(* Let $(q_n)$ be the Fibonacci Quilt sequence. Then (1) $2q_n=q_{n+2}+q_{n-5}$ for all $n\ge7$; (2) $q_n+q_{n-2}=q_{n+1}+q_{n-5}$ for all $n\ge8$; (3) $q_n+q_{n-3}=q_{n+1}+q_{n-8}$ for all $n\ge10$.
   Context: Given an increasing sequence of positive integers $(q_i)_{i\ge1}$, an FQ-legal decomposition of an integer $m\ge0$ is an expression $m=q_{\ell_1}+q_{\ell_2}+\cdots+q_{\ell_t}$ ($t\ge0$, the empty sum representing $0$) with distinct indices $\ell_1>\ell_2>\cdots>\ell_t$ such that $|\ell_i-\ell_j|\notin\{1,3,4\}$ for all $i,j$, and $\{1,3\}\not\subset\{\ell_1,\dots,\ell_t\}$. The Fibonacci Quilt sequence is the increasing sequence of positive integers $(q_i)_{i\ge1}$ in which each $q_i$ is the smallest positive integer having no FQ-legal decomposition using only $q_1,\dots,q_{i-1}$. Its first terms are $1,2,3,4,5,7,9,12,16,21,28,37,49,\dots$. *)

theory Defs
  imports Main
begin

definition fq_legal :: "nat set \<Rightarrow> bool" where
  "fq_legal S \<longleftrightarrow> finite S \<and> 0 \<notin> S \<and>
     (\<forall>i\<in>S. \<forall>j\<in>S. (i - j) \<notin> {1,3,4}) \<and> \<not> ({1,3} \<subseteq> S)"

definition has_fq_decomp :: "(nat \<Rightarrow> nat) \<Rightarrow> nat \<Rightarrow> nat \<Rightarrow> bool" where
  "has_fq_decomp q i m \<longleftrightarrow> (\<exists>S. S \<subseteq> {1..<i} \<and> fq_legal S \<and> (\<Sum>j\<in>S. q j) = m)"

definition is_fibonacci_quilt :: "(nat \<Rightarrow> nat) \<Rightarrow> bool" where
  "is_fibonacci_quilt q \<longleftrightarrow>
     (\<forall>i\<ge>1. q i = (LEAST m. 0 < m \<and> \<not> has_fq_decomp q i m))"

end

theory Submission
  imports Defs
begin

text \<open>The Fibonacci Quilt sequence is the sequence \<open>fq\<close> with \<open>fq n = n\<close> for \<open>n \<le> 5\<close> and
  \<open>fq n = fq (n - 2) + fq (n - 3)\<close> beyond. To see this, one checks that \<open>fq\<close> satisfies the
  defining property: every \<open>m < fq n\<close> has a legal decomposition below index \<open>n\<close> (greedily,
  using the second recurrence \<open>fq n = fq (n - 1) + fq (n - 5)\<close>), while \<open>fq n\<close> itself has none
  (by case analysis on the largest summand, together with the bound \<open>fq (k + 2)\<close> on legal sums
  of indices below \<open>k\<close>). The three identities then follow from the two recurrences.\<close>

fun fq :: "nat \<Rightarrow> nat" where
  "fq n = (if n \<le> 5 then n else fq (n - 2) + fq (n - 3))"

declare fq.simps [simp del]

lemma fq_small: "n \<le> 5 \<Longrightarrow> fq n = n"
  by (simp add: fq.simps)

lemma fq_6 [simp]: "fq 6 = 7"
  by (simp add: fq.simps)

lemma fq_rec: "6 \<le> n \<Longrightarrow> fq n = fq (n - 2) + fq (n - 3)"
  by (subst fq.simps) simp

lemma fq_less_Suc: "fq n < fq (Suc n)"
proof (induction n rule: less_induct)
  case (less n)
  consider "n \<le> 4" | "n = 5" | "6 \<le> n" by linarith
  then show ?case
  proof cases
    case 3
    have "Suc (n - 3) = n - 2" "Suc (n - 2) = n - 1" using 3 by simp_all
    then have "fq (n - 3) < fq (n - 2)" "fq (n - 2) < fq (n - 1)"
      using less.IH[of "n - 3"] less.IH[of "n - 2"] 3 by simp_all
    then show ?thesis using fq_rec[of n] fq_rec[of "Suc n"] 3 by simp
  qed (simp_all add: fq_small)
qed

lemma strict_mono_fq: "strict_mono fq"
  unfolding strict_mono_Suc_iff by (rule allI) (rule fq_less_Suc)

lemma fq_less_iff [simp]: "fq i < fq j \<longleftrightarrow> i < j"
  using strict_mono_fq by (rule strict_mono_less)

lemma fq_rec_shift: "7 \<le> n \<Longrightarrow> fq n = fq (n - 1) + fq (n - 5)"
proof (induction n rule: less_induct)
  case (less n)
  show ?case
  proof (cases "n \<le> 10")
    case True
    then consider "n = 7" | "n = 8" | "n = 9" | "n = 10" using less.prems by linarith
    then show ?thesis by cases (simp_all add: fq_rec fq_small)
  next
    case False
    have "fq (n - 2) = fq (n - 3) + fq (n - 7)" "fq (n - 3) = fq (n - 4) + fq (n - 8)"
      using less.IH[of "n - 2"] less.IH[of "n - 3"] False by (simp_all add: numeral_eq_Suc)
    moreover have "fq (n - 1) = fq (n - 3) + fq (n - 4)" "fq (n - 5) = fq (n - 7) + fq (n - 8)"
      using fq_rec[of "n - 1"] fq_rec[of "n - 5"] False by (simp_all add: numeral_eq_Suc)
    ultimately show ?thesis using fq_rec[of n] False by simp
  qed
qed

lemma fq_add_le: "fq k + fq (Suc k) \<le> fq (k + 3)"
proof (cases "3 \<le> k")
  case True
  then show ?thesis using fq_rec[of "k + 3"] by simp
next
  case False
  then consider "k = 0" | "k = 1" | "k = 2" by linarith
  then show ?thesis by cases (simp_all add: fq_small)
qed

lemma fq_legal_subset: "fq_legal S \<Longrightarrow> T \<subseteq> S \<Longrightarrow> fq_legal T"
  unfolding fq_legal_def by (auto intro: finite_subset)

lemma fq_legal_diff: "fq_legal S \<Longrightarrow> i \<in> S \<Longrightarrow> j \<in> S \<Longrightarrow> i - j \<notin> {1, 3, 4}"
  unfolding fq_legal_def by blast

lemma fq_legal_insert:
  assumes "fq_legal S" "0 < k" "\<And>j. j \<in> S \<Longrightarrow> j + 4 < k"
  shows "fq_legal (insert k S)"
  unfolding fq_legal_def
proof (intro conjI ballI)
  show "finite (insert k S)" "0 \<notin> insert k S" "\<not> {1, 3} \<subseteq> insert k S"
    using assms unfolding fq_legal_def by (auto dest: assms(3))
  show "i - j \<notin> {1, 3, 4}" if "i \<in> insert k S" "j \<in> insert k S" for i j
    using that fq_legal_diff[OF assms(1)] assms(3)[of i] assms(3)[of j] by auto
qed

lemma sum_fq_less:
  assumes "fq_legal S" "S \<subseteq> {..<k}"
  shows "sum fq S < fq (k + 2)"
  using assms
proof (induction k arbitrary: S rule: less_induct)
  case (less k)
  show ?case
  proof (cases "k = 0")
    case True
    then show ?thesis using less.prems by (simp add: fq_small)
  next
    case False
    then obtain j where k: "k = Suc j" using not0_implies_Suc by blast
    show ?thesis
    proof (cases "j \<in> S")
      case False
      then have "S \<subseteq> {..<j}" using less.prems(2) k by (auto simp: less_Suc_eq)
      then have "sum fq S < fq (j + 2)" using less.IH[of j] less.prems(1) k by blast
      also have "\<dots> < fq (k + 2)" using k by simp
      finally show ?thesis .
    next
      case True
      have "0 < j" using True less.prems(1) unfolding fq_legal_def by (auto intro: gr0I)
      then have "j - 1 \<notin> S" using fq_legal_diff[OF less.prems(1) True, of "j - 1"] by auto
      then have "x < j - 1" if "x \<in> S - {j}" for x
        using that less.prems(2) k by (cases "x = j - 1") (auto simp: subset_iff)
      then have "S - {j} \<subseteq> {..<j - 1}" by blast
      then have "sum fq (S - {j}) < fq (Suc j)"
        using less.IH[of "j - 1"] fq_legal_subset[OF less.prems(1)] k \<open>0 < j\<close> by force
      moreover have "sum fq S = fq j + sum fq (S - {j})"
        using True less.prems(1) by (simp add: fq_legal_def sum.remove)
      ultimately have "sum fq S < fq (j + 3)" using fq_add_le[of j] by linarith
      then show ?thesis using k by (simp add: eval_nat_numeral)
    qed
  qed
qed

text \<open>The legal subsets of \<open>{1..5}\<close> are \<open>{}\<close>, the singletons, \<open>{2, 4}\<close> and \<open>{3, 5}\<close>.\<close>

lemma sum_fq_neq_small:
  assumes "fq_legal S" "S \<subseteq> {1..<n}" "0 < n" "n \<le> 6"
  shows "sum fq S \<noteq> fq n"
proof -
  have "S \<subseteq> {1, 2, 3, 4, 5}" using assms(2,4) by auto
  then have sum: "sum fq S = (\<Sum>j\<in>{1, 2, 3, 4, 5}. if j \<in> S then fq j else 0)"
    by (simp add: sum.If_cases Int_absorb1 Int_absorb2)
  have excl: "\<not> (i \<in> S \<and> j \<in> S)" if "i - j \<in> {1, 3, 4}" for i j
    using fq_legal_diff[OF assms(1)] that by blast
  have "\<not> (1 \<in> S \<and> 3 \<in> S)" using assms(1) unfolding fq_legal_def by auto
  moreover have below: "j \<in> S \<Longrightarrow> j < n" for j using assms(2) by auto
  moreover have "n = 1 \<or> n = 2 \<or> n = 3 \<or> n = 4 \<or> n = 5 \<or> n = 6" using assms(3,4) by auto
  ultimately show ?thesis
    unfolding sum using excl[of 2 1] excl[of 3 2] excl[of 4 3] excl[of 5 4]
      excl[of 4 1] excl[of 5 2] excl[of 5 1] below[of 1] below[of 2] below[of 3] below[of 4]
      below[of 5]
    by (cases "1 \<in> S"; cases "2 \<in> S"; cases "3 \<in> S"; cases "4 \<in> S"; cases "5 \<in> S")
       (auto simp: fq_small)
qed

lemma sum_fq_neq:
  assumes "fq_legal S" "S \<subseteq> {1..<n}" "0 < n"
  shows "sum fq S \<noteq> fq n"
  using assms
proof (induction n arbitrary: S rule: less_induct)
  case (less n)
  show ?case
  proof (cases "n \<le> 6")
    case True
    then show ?thesis using sum_fq_neq_small less.prems by blast
  next
    case False
    then have n: "7 \<le> n" by simp
    have fin: "finite S" using less.prems(1) unfolding fq_legal_def by blast
    show ?thesis
    proof (cases "S = {}")
      case True
      have "fq 0 < fq n" using n by simp
      then show ?thesis using True by (simp add: fq_small)
    next
      case False
      define k where "k = Max S"
      have kS: "k \<in> S" and kmax: "\<And>j. j \<in> S \<Longrightarrow> j \<le> k"
        using fin False by (simp_all add: k_def)
      have "k < n" using kS less.prems(2) by auto
      have rest: "fq_legal (S - {k})" using fq_legal_subset[OF less.prems(1)] by blast
      have sum: "sum fq S = fq k + sum fq (S - {k})" using fin kS by (simp add: sum.remove)
      have far: "j < k \<and> k - j \<notin> {1, 3, 4}" if "j \<in> S - {k}" for j
        using that kmax[of j] fq_legal_diff[OF less.prems(1) kS, of j] by force
      have pos: "0 < j" if "j \<in> S" for j using that less.prems(2) by auto
      consider "k \<le> n - 3" | "k = n - 2" | "k = n - 1" using \<open>k < n\<close> by linarith
      then show ?thesis
      proof cases
        case 1
        then have "S \<subseteq> {..<n - 2}" using kmax n by fastforce
        then have "sum fq S < fq (n - 2 + 2)" by (rule sum_fq_less[OF less.prems(1)])
        also have "n - 2 + 2 = n" using n by simp
        finally show ?thesis by simp
      next
        case 2
        have "j \<in> {1..<n - 3}" if "j \<in> S - {k}" for j
          using far[OF that] pos[of j] that 2 by auto
        then have "sum fq (S - {k}) \<noteq> fq (n - 3)"
          using less.IH[of "n - 3"] rest n by (simp add: subset_iff)
        then show ?thesis using sum 2 fq_rec[of n] n by simp
      next
        case 3
        show ?thesis
        proof (cases "n - 3 \<in> S")
          case True
          then have "fq (n - 3) \<le> sum fq (S - {k})"
            using fin 3 n by (intro member_le_sum) auto
          moreover have "fq (n - 5) < fq (n - 3)" using n by simp
          ultimately show ?thesis using sum fq_rec_shift[of n] n unfolding 3 by linarith
        next
          case False
          have "j \<in> {1..<n - 5}" if "j \<in> S - {k}" for j
            using far[OF that] pos[of j] that False 3 n by (cases "j = n - 3") auto
          then have "sum fq (S - {k}) \<noteq> fq (n - 5)"
            using less.IH[of "n - 5"] rest n by (simp add: subset_iff)
          then show ?thesis using sum 3 fq_rec_shift[of n] n by simp
        qed
      qed
    qed
  qed
qed

lemma has_fq_decomp_mono: "has_fq_decomp q i m \<Longrightarrow> i \<le> j \<Longrightarrow> has_fq_decomp q j m"
  unfolding has_fq_decomp_def by (metis atLeastLessThan_iff order.strict_trans2 subset_iff)

lemma has_fq_decomp_fq: "m < fq n \<Longrightarrow> has_fq_decomp fq n m"
proof (induction n arbitrary: m rule: less_induct)
  case (less n)
  consider "m = 0" | "0 < m" "n \<le> 6" | "0 < m" "7 \<le> n" by linarith
  then show ?case
  proof cases
    case 1
    show ?thesis unfolding has_fq_decomp_def
      by (intro exI[of _ "{}"]) (simp add: 1 fq_legal_def)
  next
    case 2
    show ?thesis
    proof (cases "m \<le> 5")
      case True
      then have "m < n" using less.prems 2 by (cases "n = 6") (auto simp: fq_small)
      then show ?thesis unfolding has_fq_decomp_def
        using 2 by (intro exI[of _ "{m}"]) (auto simp: fq_legal_def fq_small True)
    next
      case False
      then have "n = 6" "m = 6" using less.prems 2 fq_small[of n] by (cases "n = 6"; auto)+
      then show ?thesis unfolding has_fq_decomp_def
        by (intro exI[of _ "{2, 4}"]) (auto simp: fq_legal_def fq_small)
    qed
  next
    case 3
    show ?thesis
    proof (cases "m < fq (n - 1)")
      case True
      then have "has_fq_decomp fq (n - 1) m" using less.IH[of "n - 1"] 3 by simp
      then show ?thesis by (rule has_fq_decomp_mono) simp
    next
      case False
      then have "m - fq (n - 1) < fq (n - 5)" using less.prems fq_rec_shift[of n] 3 by linarith
      then obtain S where S: "S \<subseteq> {1..<n - 5}" "fq_legal S" "sum fq S = m - fq (n - 1)"
        using less.IH[of "n - 5"] 3 unfolding has_fq_decomp_def by auto
      have "fq_legal (insert (n - 1) S)" by (rule fq_legal_insert) (use S 3 in \<open>auto simp: subset_iff\<close>)
      moreover have "sum fq (insert (n - 1) S) = m"
      proof -
        have "finite S" using S(2) unfolding fq_legal_def by blast
        moreover have "n - 1 \<notin> S" using S(1) 3 by (auto simp: subset_iff)
        ultimately show ?thesis using S(3) False by simp
      qed
      moreover have "insert (n - 1) S \<subseteq> {1..<n}" using S 3 by (auto simp: subset_iff)
      ultimately show ?thesis unfolding has_fq_decomp_def by blast
    qed
  qed
qed

lemma is_fibonacci_quilt_fq: "is_fibonacci_quilt fq"
  unfolding is_fibonacci_quilt_def
proof (intro allI impI)
  fix i :: nat
  assume "1 \<le> i"
  show "fq i = (LEAST m. 0 < m \<and> \<not> has_fq_decomp fq i m)"
  proof (rule Least_equality[symmetric])
    have "fq 0 < fq i" using \<open>1 \<le> i\<close> by simp
    then show "0 < fq i \<and> \<not> has_fq_decomp fq i (fq i)"
      using \<open>1 \<le> i\<close> sum_fq_neq unfolding has_fq_decomp_def by (auto simp: fq_small)
    show "fq i \<le> m" if "0 < m \<and> \<not> has_fq_decomp fq i m" for m
      using that has_fq_decomp_fq not_le by blast
  qed
qed

lemma has_fq_decomp_cong:
  assumes "\<And>j. 1 \<le> j \<Longrightarrow> j < i \<Longrightarrow> q j = p j"
  shows "has_fq_decomp q i = has_fq_decomp p i"
proof -
  have "sum q S = sum p S" if "S \<subseteq> {1..<i}" for S
    using that assms by (intro sum.cong) auto
  then show ?thesis unfolding has_fq_decomp_def by metis
qed

lemma fibonacci_quilt_unique:
  assumes "is_fibonacci_quilt q" "is_fibonacci_quilt p" "1 \<le> i"
  shows "q i = p i"
  using assms(3)
proof (induction i rule: less_induct)
  case (less i)
  then have "has_fq_decomp q i = has_fq_decomp p i" by (intro has_fq_decomp_cong) simp
  then show ?case using assms(1,2) less.prems unfolding is_fibonacci_quilt_def by simp
qed

lemma fq_double: "7 \<le> n \<Longrightarrow> 2 * fq n = fq (n + 2) + fq (n - 5)"
  using fq_rec[of "n + 2"] fq_rec_shift[of n] by simp

lemma fq_add_diff_2: "8 \<le> n \<Longrightarrow> fq n + fq (n - 2) = fq (n + 1) + fq (n - 5)"
  using fq_rec[of "n + 1"] fq_rec_shift[of n] by simp

lemma fq_add_diff_3: "10 \<le> n \<Longrightarrow> fq n + fq (n - 3) = fq (n + 1) + fq (n - 8)"
  using fq_rec_shift[of "n + 1"] fq_rec_shift[of "n - 3"] by (simp add: numeral_eq_Suc)

theorem mainTheorem17:
  fixes q :: "nat \<Rightarrow> nat"
  assumes "is_fibonacci_quilt q"
  shows "(\<forall>n\<ge>7. 2 * q n = q (n + 2) + q (n - 5))
       \<and> (\<forall>n\<ge>8. q n + q (n - 2) = q (n + 1) + q (n - 5))
       \<and> (\<forall>n\<ge>10. q n + q (n - 3) = q (n + 1) + q (n - 8))"
proof -
  have q: "q i = fq i" if "1 \<le> i" for i
    using fibonacci_quilt_unique[OF assms is_fibonacci_quilt_fq that] .
  show ?thesis
    using fq_double fq_add_diff_2 fq_add_diff_3 by (simp add: q)
qed

end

• DIRECTIONS FOR THIS TASK: Look above for the line with "using far[OF that] pos[of j] that False" and the line with "less.prems 2 by", and reproduce exactly those two lines plus every line between, nothing more.

• ANSWER TO THIS PROBLEM:
            using far[OF that] pos[of j] that False 3 n by (cases "j = n - 3") auto
          then have "sum fq (S - {k}) \<noteq> fq (n - 5)"
            using less.IH[of "n - 5"] rest n by (simp add: subset_iff)
          then show ?thesis using sum 3 fq_rec_shift[of n] n by simp
        qed
      qed
    qed
  qed
qed

lemma has_fq_decomp_mono: "has_fq_decomp q i m \<Longrightarrow> i \<le> j \<Longrightarrow> has_fq_decomp q j m"
  unfolding has_fq_decomp_def by (metis atLeastLessThan_iff order.strict_trans2 subset_iff)

lemma has_fq_decomp_fq: "m < fq n \<Longrightarrow> has_fq_decomp fq n m"
proof (induction n arbitrary: m rule: less_induct)
  case (less n)
  consider "m = 0" | "0 < m" "n \<le> 6" | "0 < m" "7 \<le> n" by linarith
  then show ?case
  proof cases
    case 1
    show ?thesis unfolding has_fq_decomp_def
      by (intro exI[of _ "{}"]) (simp add: 1 fq_legal_def)
  next
    case 2
    show ?thesis
    proof (cases "m \<le> 5")
      case True
      then have "m < n" using less.prems 2 by (cases "n = 6") (auto simp: fq_small)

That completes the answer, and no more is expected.